▸ **Work order**
Instruction for the data below: set down exactly the lines from the line with "using assms by" to the line with "by (intro nn_integral_eq_integral)", inclusive, and no others.

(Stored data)

_ _ _ _

text \<open>If the essential supremum were positive, then \<open>\<alpha>(a) > a + \<delta>\<close> on a Borel set
  \<open>A \<subseteq> [log\<^sub>p 2, M]\<close> of positive measure. By the uniform tail limit, for large \<open>q\<close> the likelihood ratio \<open>f\<^sub>1/f\<^sub>0\<close> at the quantile
  \<open>Q\<^sub>0(q\<^sup>-\<^sup>a)\<close> (resp. \<open>Q\<^sub>0(1 - q\<^sup>-\<^sup>a)\<close>) is at least \<open>q\<^sup>a\<close> for every \<open>a \<in> A\<close>. Since \<open>Q\<^sub>0(U)\<close> has
  density \<open>f\<^sub>0\<close> for uniform \<open>U\<close>, \<open>\<integral>\<^sub>0\<^sup>1 (f\<^sub>1/f\<^sub>0)(Q\<^sub>0(u)) du \<le> \<integral> f\<^sub>1 = 1\<close>; the substitution
  \<open>u = q\<^sup>-\<^sup>a\<close>, \<open>|du| = q\<^sup>-\<^sup>a ln q da\<close>, bounds this integral below by \<open>\<integral>\<^sub>A q\<^sup>a q\<^sup>-\<^sup>a ln q da =
  ln q \<cdot> |A|\<close>, which is unbounded in \<open>q\<close>.\<close>

lemma cdf_with_density_cdf_distribution:
  assumes "cdf_with_density F f"
  shows "cdf_distribution (density lborel f)" and "cdf (density lborel f) = F"
proof -
  have [measurable]: "f \<in> borel_measurable lborel" and nn: "\<And>x. 0 \<le> f x"
    and int: "integrable lborel f" and one: "integral\<^sup>L lborel f = 1"
    and F: "\<And>x. F x = set_lebesgue_integral lborel {..x} f"
    using assms by (auto simp: cdf_with_density_def)
  have emeasure_eq: "emeasure (density lborel f) S = ennreal (\<integral>y. f y * indicator S y \<partial>lborel)"
    if [measurable]: "S \<in> sets borel" for S
  proof -
    have "emeasure (density lborel f) S = (\<integral>\<^sup>+ y. ennreal (f y * indicator S y) \<partial>lborel)"
      by (simp add: emeasure_density nn_integral_set_ennreal[symmetric] indicator_mult_ennreal mult.commute)
    also have "\<dots> = ennreal (\<integral>y. f y * indicator S y \<partial>lborel)"
      using integrable_mult_indicator[of S lborel f] int
      by (intro nn_integral_eq_integral) (auto simp: mult.commute nn)
    finally show ?thesis .
  qed
  have "prob_space (density lborel f)"
    by (rule prob_spaceI) (use emeasure_eq[of UNIV] one in simp)
  then show "cdf_distribution (density lborel f)"
    by (simp add: cdf_distribution_def real_distribution_def real_distribution_axioms_def)
  show "cdf (density lborel f) = F"
    by (intro ext) (simp add: cdf_def2 measure_def emeasure_eq F set_lebesgue_integral_def mult.commute nn)
qed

_ _ _ _

▸ **Response area**
    using assms by (auto simp: cdf_with_density_def)
  have emeasure_eq: "emeasure (density lborel f) S = ennreal (\<integral>y. f y * indicator S y \<partial>lborel)"
    if [measurable]: "S \<in> sets borel" for S
  proof -
    have "emeasure (density lborel f) S = (\<integral>\<^sup>+ y. ennreal (f y * indicator S y) \<partial>lborel)"
      by (simp add: emeasure_density nn_integral_set_ennreal[symmetric] indicator_mult_ennreal mult.commute)
    also have "\<dots> = ennreal (\<integral>y. f y * indicator S y \<partial>lborel)"
      using integrable_mult_indicator[of S lborel f] int
      by (intro nn_integral_eq_integral) (auto simp: mult.commute nn)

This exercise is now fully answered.